We move on to doing some simple image processing techniques using scilab. I’ve taken a truecolor image for our purposes as shown below.

Using scilab to determine its properties, I’ve found that the image size is 480 x 640x 3, a 3d array. The first 2 dimensions are for the xy-coordinates we see. The third dimension is for the depth of color for red, green, and blue. If we were to call each color seperately, the following would appear:

red filter

green filter

blue filter

We note that the images are shown in grayscale instead of their actual color shades of red, green, and blue. This is because within the 3d matrix, these values are only recorded in values from 0-255, identical to the format of a grayscale image. Therefore, darker spots on the image would mean lower values for that particular color and lighter areas would mean high values. Since the original image was predominantly red and yellow, it makes sense that the color with the darkest image is the blue filtered image. We confirm this by taking  the histogram of the blue filter:

histogram of blue intensities

As we can see from the histogram, the pixels with low blue values are more than those with high blue values, indicating that the image has very little blue, supporting what we know of the original image.

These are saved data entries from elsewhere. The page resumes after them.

lemma stacked_tiles_disjoint:
  assumes A: "A \<in> tilings a b m h" and Q: "Q \<in> tilings a b m n"
    and "S \<in> A" "T \<in> shift_up h ` Q"
  shows "S \<inter> T = {}"
proof -
  have "S \<subseteq> rect 0 0 m h"
    using \<open>S \<in> A\<close> tilingsD(3)[OF A] by (auto simp: rect_origin)
  moreover have "T \<subseteq> shift_up h (\<Union>Q)"
    using \<open>T \<in> shift_up h ` Q\<close> by (auto simp: shift_up_Union)
  moreover have "\<Union>Q = rect 0 0 m n"
    using tilingsD(3)[OF Q] by (simp add: rect_origin)
  moreover have "rect 0 0 m h \<inter> rect 0 h m n = {}"
    by (simp add: rect_disjoint_iff)
  ultimately show ?thesis
    by (auto simp: shift_up_rect)
qed

lemma stack_tilings:
  assumes A: "A \<in> tilings a b m h" and Q: "Q \<in> tilings a b m n"
  shows "A \<union> shift_up h ` Q \<in> tilings a b m (h + n)"
proof -
  have shifted_region: "\<Union>(shift_up h ` Q) = rect 0 h m n"
    using tilingsD(3)[OF Q] shift_up_Union[of h Q] shift_up_rect[of h 0 0 m n]
    by (simp add: rect_origin)
  have upper_upper: "S \<inter> T = {}"
    if ST: "S \<in> shift_up h ` Q" "T \<in> shift_up h ` Q" "S \<noteq> T" for S T
  proof -
    obtain S' T' where S'T': "S' \<in> Q" "T' \<in> Q" "S = shift_up h S'" "T = shift_up h T'"
      using ST(1,2) by blast
    then have "S' \<inter> T' = {}"
      using ST(3) tilingsD(2)[OF Q] by blast
    then show ?thesis
      using S'T' shift_up_Int[of h S' T'] by (simp add: shift_up_def)
  qed
  show ?thesis
    unfolding tilings_def
  proof (intro CollectI conjI ballI impI)
    fix T assume "T \<in> A \<union> shift_up h ` Q"
    then show "is_tile a b T"
      using tilingsD(1)[OF A] tilingsD(1)[OF Q] is_tile_shift_up by blast
  next
    fix S T assume "S \<in> A \<union> shift_up h ` Q" "T \<in> A \<union> shift_up h ` Q" "S \<noteq> T"
    then show "S \<inter> T = {}"
      using tilingsD(2)[OF A] stacked_tiles_disjoint[OF A Q] upper_upper by blast
  next
    have "rect 0 0 m h \<union> rect 0 h m n = {0..<m} \<times> {0..<h + n}"
      by (auto simp: rect_def)
    then show "\<Union>(A \<union> shift_up h ` Q) = {0..<m} \<times> {0..<h + n}"
      using tilingsD(3)[OF A] shifted_region by (simp add: rect_origin)
  qed
qed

We then move on to converting the true color image into gray scale. Since the original image contains information for values of red, green, and blue, it inevitably takes up more space when color may not be necessary. By converting it to grayscale, we get an image that  has only one plane of information. Below is the grayscale of the original true color image:

grayscale image

Taking the size of the grayscale image, we find that it has been reduced to a 2d image: 480 x 640 pixels. Comparing the values of the grayscale image to the original truecolor image, the grayscale image is at the very least, not the average of the values of red, green, and blue. The average of the three colors put together would produce the following image:

This is clearly not a good representation of the original image. Whatever the method, scilab was able to create an accurate representation of the original image with less data.

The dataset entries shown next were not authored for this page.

lemma decseq_exp_err:
  fixes E :: "'a::finite set set"
  assumes "simple_graph E" "E \<noteq> {}"
  shows "decseq (exp_err E v0)"
  by (rule decseq_SucI) (rule exp_err_Suc_le[OF assms])

lemma sum_exp_err_le_integral:
  fixes E :: "'a::finite set set" and F :: "nat \<Rightarrow> 'a set list \<Rightarrow> real"
    and Flim :: "'a set stream \<Rightarrow> real"
  assumes ne: "E \<noteq> {}"
    and F_nonneg: "\<And>t es. t \<ge> 1 \<Longrightarrow> es \<in> edge_seqs E t \<Longrightarrow> F t es \<ge> 0"
    and cond_exp: "\<And>t w. t \<ge> 1 \<Longrightarrow>
        {es \<in> edge_seqs E t. avg_proc v0 (butlast es) = w} \<noteq> {} \<Longrightarrow>
        measure_pmf.expectation (cond_pmf (seq_pmf E t) {es. avg_proc v0 (butlast es) = w}) (F t)
          \<ge> C * l1norm (\<lambda>x. w x - vbar v0 x)"
    and Flim_int: "integrable (edge_stream_space E) Flim"
    and partial_int: "\<And>k. integrable (edge_stream_space E) (\<lambda>\<omega>. \<Sum>t=1..k. F t (stake t \<omega>))"
    and L1_conv: "(\<lambda>k. \<integral>\<omega>. \<bar>(\<Sum>t=1..k. F t (stake t \<omega>)) - Flim \<omega>\<bar> \<partial>edge_stream_space E)
        \<longlonglongrightarrow> 0"
  shows "C * (\<Sum>t<k. exp_err E v0 t) \<le> (\<integral>\<omega>. Flim \<omega> \<partial>edge_stream_space E)"
proof -
  define J where "J k = (\<Sum>t=1..k. measure_pmf.expectation (seq_pmf E t) (F t))" for k
  have fin: "finite (set_pmf (pmf_of_set E))"
    using ne by simp
  have "(\<integral>\<omega>. (\<Sum>t=1..k. F t (stake t \<omega>)) \<partial>edge_stream_space E) = J k" for k
    unfolding J_def edge_stream_space_def seq_pmf_eq_replicate_pmf[OF ne]
    by (simp add: integrable_stream_space_stake[OF fin] integral_stream_space_stake)
  then have "J \<longlonglongrightarrow> (\<integral>\<omega>. Flim \<omega> \<partial>edge_stream_space E)"
    using integral_tendsto_of_L1_tendsto[OF partial_int Flim_int L1_conv] by simp
  moreover have "incseq J"
  proof (rule incseq_SucI)
    fix k
    have "0 \<le> measure_pmf.expectation (seq_pmf E (Suc k)) (F (Suc k))"
      using ne by (intro integral_nonneg_AE) (simp add: AE_measure_pmf_iff set_pmf_seq_pmf F_nonneg)
    then show "J k \<le> J (Suc k)"
      unfolding J_def by simp
  qed
  ultimately have "J k \<le> (\<integral>\<omega>. Flim \<omega> \<partial>edge_stream_space E)"
    by (intro incseq_le)
  moreover have "C * (\<Sum>t<k. exp_err E v0 t) \<le> J k"
    unfolding J_def sum_distrib_left sum.atLeast1_atMost_eq[of _ k, unfolded One_nat_def[symmetric]]
    using ne cond_exp by (intro sum_mono exp_err_le_expectation) auto
  ultimately show ?thesis
    by linarith
qed

lemma hitting_time_le_of_partial_sums_le:
  fixes f :: "nat \<Rightarrow> real"
  assumes "c > 0" "\<epsilon> > 0" and sums: "\<And>k. c * (\<Sum>t<k. f t) \<le> I"
  shows "\<exists>t. f t \<le> \<epsilon>" and "real (LEAST t. f t \<le> \<epsilon>) * \<epsilon> * c \<le> I"
proof -
  have bound: "real k * \<epsilon> * c \<le> I" if above: "\<And>t. t < k \<Longrightarrow> \<epsilon> < f t" for k
  proof -
    have "real k * \<epsilon> \<le> (\<Sum>t<k. f t)"
      using sum_mono[of "{..<k}" "\<lambda>_. \<epsilon>" f] above by fastforce
    then have "c * (real k * \<epsilon>) \<le> c * (\<Sum>t<k. f t)"
      using \<open>c > 0\<close> by simp
    then show ?thesis
      using sums[of k] by (simp add: mult_ac)
  qed
  show "\<exists>t. f t \<le> \<epsilon>"
  proof (rule ccontr)
    assume "\<nexists>t. f t \<le> \<epsilon>"
    then have never: "real k * \<epsilon> * c \<le> I" for k
      by (intro bound) (meson not_le)
    obtain k where "I / (\<epsilon> * c) < real k"
      using reals_Archimedean2 by blast
    then show False
      using never[of k] assms by (simp add: divide_less_eq mult.assoc)
  qed
  show "real (LEAST t. f t \<le> \<epsilon>) * \<epsilon> * c \<le> I"
    by (rule bound) (meson not_le not_less_Least)
qed

lemma t_eps_v0_le:
  assumes "C > 0" "\<epsilon> > 0" "l1norm v0 \<le> 1"
    and sums: "\<And>k. C * (\<Sum>t<k. exp_err E v0 t) \<le> I"
  shows "exp_err E v0 (t_eps_v0 E \<epsilon> v0) \<le> \<epsilon>"
    and "real (t_eps_v0 E \<epsilon> v0) \<le> 2 * I / (\<epsilon>\<^sup>2 * C)"
proof -
  note hit = hitting_time_le_of_partial_sums_le[OF assms(1,2) sums]
  show "exp_err E v0 (t_eps_v0 E \<epsilon> v0) \<le> \<epsilon>"
    unfolding t_eps_v0_def by (rule LeastI_ex[OF hit(1)])
  have T: "real (t_eps_v0 E \<epsilon> v0) * \<epsilon> * C \<le> I"
    using hit(2) unfolding t_eps_v0_def .
  have "0 \<le> I"
    using sums[of 0] by simp
  show "real (t_eps_v0 E \<epsilon> v0) \<le> 2 * I / (\<epsilon>\<^sup>2 * C)"
  proof (cases "t_eps_v0 E \<epsilon> v0 = 0")
    case True
    then show ?thesis using \<open>0 \<le> I\<close> assms by simp
  next
    case False
    then have "\<epsilon> < exp_err E v0 0"
      unfolding t_eps_v0_def by (meson not_le not_less_Least neq0_conv)
    also have "\<dots> \<le> 2"
      using exp_err_0_le[of E v0] assms(3) by linarith
    finally have "real (t_eps_v0 E \<epsilon> v0) * \<epsilon> * C * \<epsilon> \<le> I * 2"
      using T \<open>0 \<le> I\<close> \<open>\<epsilon> > 0\<close> by (meson less_imp_le mult_mono)
    then show ?thesis
      using assms by (simp add: pos_le_divide_eq power2_eq_square mult_ac)
  qed
qed

lemma t_eps_le:
  fixes E :: "'a::finite set set"
  assumes "simple_graph E" "E \<noteq> {}"
    and hit: "\<And>v0. l1norm v0 = 1 \<Longrightarrow>
      exp_err E v0 (t_eps_v0 E \<epsilon> v0) \<le> \<epsilon> \<and> real (t_eps_v0 E \<epsilon> v0) \<le> B"
  shows "real (t_eps E \<epsilon>) \<le> B"
proof -
  have "l1norm (\<lambda>x::'a. if x = undefined then 1 else 0) = 1"
    by (simp add: l1norm_def)
  then have "0 \<le> B"
    using hit by (meson of_nat_0_le_iff order_trans)
  have "exp_err E v0 (nat \<lfloor>B\<rfloor>) \<le> \<epsilon>" if "l1norm v0 = 1" for v0
  proof -
    have "t_eps_v0 E \<epsilon> v0 \<le> nat \<lfloor>B\<rfloor>"
      using hit[OF that] by (intro le_nat_floor) simp
    then show ?thesis
      using decseqD[OF decseq_exp_err[OF assms(1,2)]] hit[OF that] by (meson order_trans)
  qed
  then have "t_eps E \<epsilon> \<le> nat \<lfloor>B\<rfloor>"
    unfolding t_eps_def by (intro Least_le) blast
  then show ?thesis
    using of_nat_floor[OF \<open>0 \<le> B\<close>] by linarith
qed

From the grayscale image, we create a binary image of the original picture. We can set the threshold value to different levels from 0-1, selecting the dividing point of which will be changed to 0s and which will be changed to 1s. Below is the resulting binary image with different threshold values.

Threshold at 0.2

Threshold at 0.5

 Threshold at 0.8

Changing an image to binary is very useful when cleaning images such as graphs. The data provided by graphs in general should be binary, but at times, some unnecessary data appears during the capturing of the image. For example, the graph we used in the previous activity, by looking at the information, is a true color image.

If we were to view the image closely, there are various points on the line graph that are somewhat fainter than the rest of the line. This could lead to reading the data inaccurately. We take the histogram of the image to see what are the values across the image.

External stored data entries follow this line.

lemma nn_integral_bvn_density_mult_fst:
  assumes [measurable]: "g \<in> borel_measurable borel"
  shows "(\<integral>\<^sup>+w. ennreal (bvn_density mu sig rho w) * g (fst w) \<partial>(lborel \<Otimes>\<^sub>M lborel))
       = (\<integral>\<^sup>+a. ennreal (normal_density mu sig a) * g a \<partial>lborel)"
proof -
  have "(\<integral>\<^sup>+w. ennreal (bvn_density mu sig rho w) * g (fst w) \<partial>(lborel \<Otimes>\<^sub>M lborel))
      = (\<integral>\<^sup>+a. \<integral>\<^sup>+b. ennreal (bvn_density mu sig rho (a, b)) * g a \<partial>lborel \<partial>lborel)"
    by (subst lborel.nn_integral_fst[symmetric]) auto
  also have "\<dots> = (\<integral>\<^sup>+a. ennreal (normal_density mu sig a) * g a \<partial>lborel)"
  proof (rule nn_integral_cong)
    fix a
    have "(\<integral>\<^sup>+b. ennreal (bvn_density mu sig rho (a, b)) * g a \<partial>lborel)
        = (\<integral>\<^sup>+b. (ennreal (normal_density mu sig a) * g a)
              * ennreal (normal_density (mu + rho * (a - mu)) (sig * sqrt (1 - rho^2)) b) \<partial>lborel)"
      by (intro nn_integral_cong) (simp add: bvn_density_eq_normal_density_mult ennreal_mult mult_ac)
    also have "\<dots> = ennreal (normal_density mu sig a) * g a"
      by (simp add: nn_integral_cmult nn_integral_normal_density cond_sd_pos)
    finally show "(\<integral>\<^sup>+b. ennreal (bvn_density mu sig rho (a, b)) * g a \<partial>lborel)
        = ennreal (normal_density mu sig a) * g a" .
  qed
  finally show ?thesis .
qed

lemma integrable_bvn_density_mult_fst:
  "integrable (lborel \<Otimes>\<^sub>M lborel) (\<lambda>w. bvn_density mu sig rho w * fst w)"
proof (rule integrableI_bounded)
  have "(\<integral>\<^sup>+w. ennreal (norm (bvn_density mu sig rho w * fst w)) \<partial>(lborel \<Otimes>\<^sub>M lborel))
      = (\<integral>\<^sup>+w. ennreal (bvn_density mu sig rho w) * ennreal \<bar>fst w\<bar> \<partial>(lborel \<Otimes>\<^sub>M lborel))"
    by (intro nn_integral_cong) (simp add: abs_mult bvn_density_nonneg ennreal_mult)
  also have "\<dots> = (\<integral>\<^sup>+a. ennreal (normal_density mu sig a) * ennreal \<bar>a\<bar> \<partial>lborel)"
    by (rule nn_integral_bvn_density_mult_fst) measurable
  also have "\<dots> = ennreal (\<integral>a. normal_density mu sig a * \<bar>a\<bar> \<partial>lborel)"
    using integrable_norm[OF integrable_normal_moment_nz_1[OF sig_pos, of mu]]
    by (subst nn_integral_eq_integral[symmetric]) (auto simp: abs_mult ennreal_mult)
  finally show "(\<integral>\<^sup>+w. ennreal (norm (bvn_density mu sig rho w * fst w)) \<partial>(lborel \<Otimes>\<^sub>M lborel)) < \<infinity>"
    by simp
qed simp

lemma integrable_bvn_density_mult_snd:
  "integrable (lborel \<Otimes>\<^sub>M lborel) (\<lambda>w. bvn_density mu sig rho w * snd w)"
proof -
  have "(\<lambda>(a, b). bvn_density mu sig rho (b, a) * a) = (\<lambda>w. bvn_density mu sig rho w * fst w)"
    by (auto simp: bvn_density_swap)
  then show ?thesis
    using lborel_pair.integrable_product_swap_iff[of "\<lambda>w. bvn_density mu sig rho w * snd w"]
      integrable_bvn_density_mult_fst
    by simp
qed

lemma integral_bvn_density_mult_indicator_sum:
  assumes [measurable]: "S \<in> sets borel"
  shows "(\<integral>w. bvn_density mu sig rho w * (indicator S (fst w) * (fst w + snd w)) \<partial>(lborel \<Otimes>\<^sub>M lborel))
       = (\<integral>a. indicator S a * gain_density mu sig rho a \<partial>lborel)"
proof -
  let ?f = "\<lambda>w. bvn_density mu sig rho w * (indicator S (fst w) * (fst w + snd w))"
  have "?f = (\<lambda>w. indicator (S \<times> UNIV) w *\<^sub>R
               (bvn_density mu sig rho w * fst w + bvn_density mu sig rho w * snd w))"
    by (auto simp: fun_eq_iff indicator_def algebra_simps)
  then have integrable: "integrable (lborel \<Otimes>\<^sub>M lborel) ?f"
    by (simp only:) (intro integrable_mult_indicator Bochner_Integration.integrable_add
        integrable_bvn_density_mult_fst integrable_bvn_density_mult_snd; simp)
  have "(\<integral>w. ?f w \<partial>(lborel \<Otimes>\<^sub>M lborel)) = (\<integral>a. (\<integral>b. ?f (a, b) \<partial>lborel) \<partial>lborel)"
    using lborel_pair.integral_fst'[OF integrable] by simp
  also have "\<dots> = (\<integral>a. indicator S a * gain_density mu sig rho a \<partial>lborel)"
  proof (rule Bochner_Integration.integral_cong[OF refl])
    fix a
    have "(\<integral>b. ?f (a, b) \<partial>lborel) = (\<integral>b. (indicator S a * normal_density mu sig a) *
            (normal_density (mu + rho * (a - mu)) (sig * sqrt (1 - rho^2)) b * (a + b)) \<partial>lborel)"
      by (simp add: bvn_density_eq_normal_density_mult mult_ac)
    also have "\<dots> = indicator S a * normal_density mu sig a * (a + (mu + rho * (a - mu)))"
      by (simp add: integral_normal_density_mult_add cond_sd_pos)
    also have "\<dots> = indicator S a * gain_density mu sig rho a"
      by (simp add: gain_density_def algebra_simps)
    finally show "(\<integral>b. ?f (a, b) \<partial>lborel) = indicator S a * gain_density mu sig rho a" .
  qed
  finally show ?thesis .
qed

lemma cond_exp_event_tail_eq_tail_gain:
  assumes "prob_space M"
    and joint: "distributed M lborel (\<lambda>x. (X x, Y x)) (\<lambda>w. ennreal (bvn_density mu sig rho w))"
  shows "measure M {x \<in> space M. X x > z} * cond_exp_event M (\<lambda>x. X x + Y x) {x \<in> space M. X x > z}
       = tail_gain mu sig rho z"
proof -
  interpret prob_space M by fact
  have "(\<lambda>x. (X x, Y x)) \<in> measurable M (borel \<Otimes>\<^sub>M borel)"
    using distributed_measurable[OF joint] by (simp add: borel_prod)
  then have [measurable]: "X \<in> borel_measurable M"
    by (simp add: measurable_pair_iff comp_def)
  have "measure M {x \<in> space M. X x > z} * cond_exp_event M (\<lambda>x. X x + Y x) {x \<in> space M. X x > z}
      = (\<integral>x. indicator {x \<in> space M. X x > z} x * (X x + Y x) \<partial>M)"
    by (intro measure_mult_cond_exp_event) auto
  also have "\<dots> = (\<integral>x. (\<lambda>w. indicator {z<..} (fst w) * (fst w + snd w)) (X x, Y x) \<partial>M)"
    by (intro Bochner_Integration.integral_cong) (auto simp: indicator_def)
  also have "\<dots> = (\<integral>w. bvn_density mu sig rho w * (indicator {z<..} (fst w) * (fst w + snd w)) \<partial>lborel)"
  proof (rule distributed_integral[OF joint, symmetric])
    have "(\<lambda>w. indicator {z<..} (fst w) * (fst w + snd w)) \<in> borel_measurable (lborel \<Otimes>\<^sub>M lborel)"
      by measurable
    then show "(\<lambda>w. indicator {z<..} (fst w) * (fst w + snd w)) \<in> borel_measurable lborel"
      by (simp add: lborel_prod)
  qed (auto simp: bvn_density_nonneg)
  also have "\<dots> = tail_gain mu sig rho z"
    unfolding tail_gain_def
    using integral_bvn_density_mult_indicator_sum[of "{z<..}"] by (simp add: lborel_prod)
  finally show ?thesis .
qed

The image is predominantly white, so we expect the high count on the far end of the histogram. We want to change this image into binary so that the ambiguous gray pixels are replaces with either white or black. We choose a point that includes the three smaller values on the histogram. The resulting image is

The result is a much clearer image. One should be careful in choosing the threshold value. Too high and noise becomes more prominent. Too low and data is lost. We can then simply save this new image into the appropriate filetype using the function imwrite().

For this activity, I give myself a 10/10. Although the examples for the various image types are somewhat lacking, I believe I was able to make up for it with the extent I investigated and manipulated the images using scilab.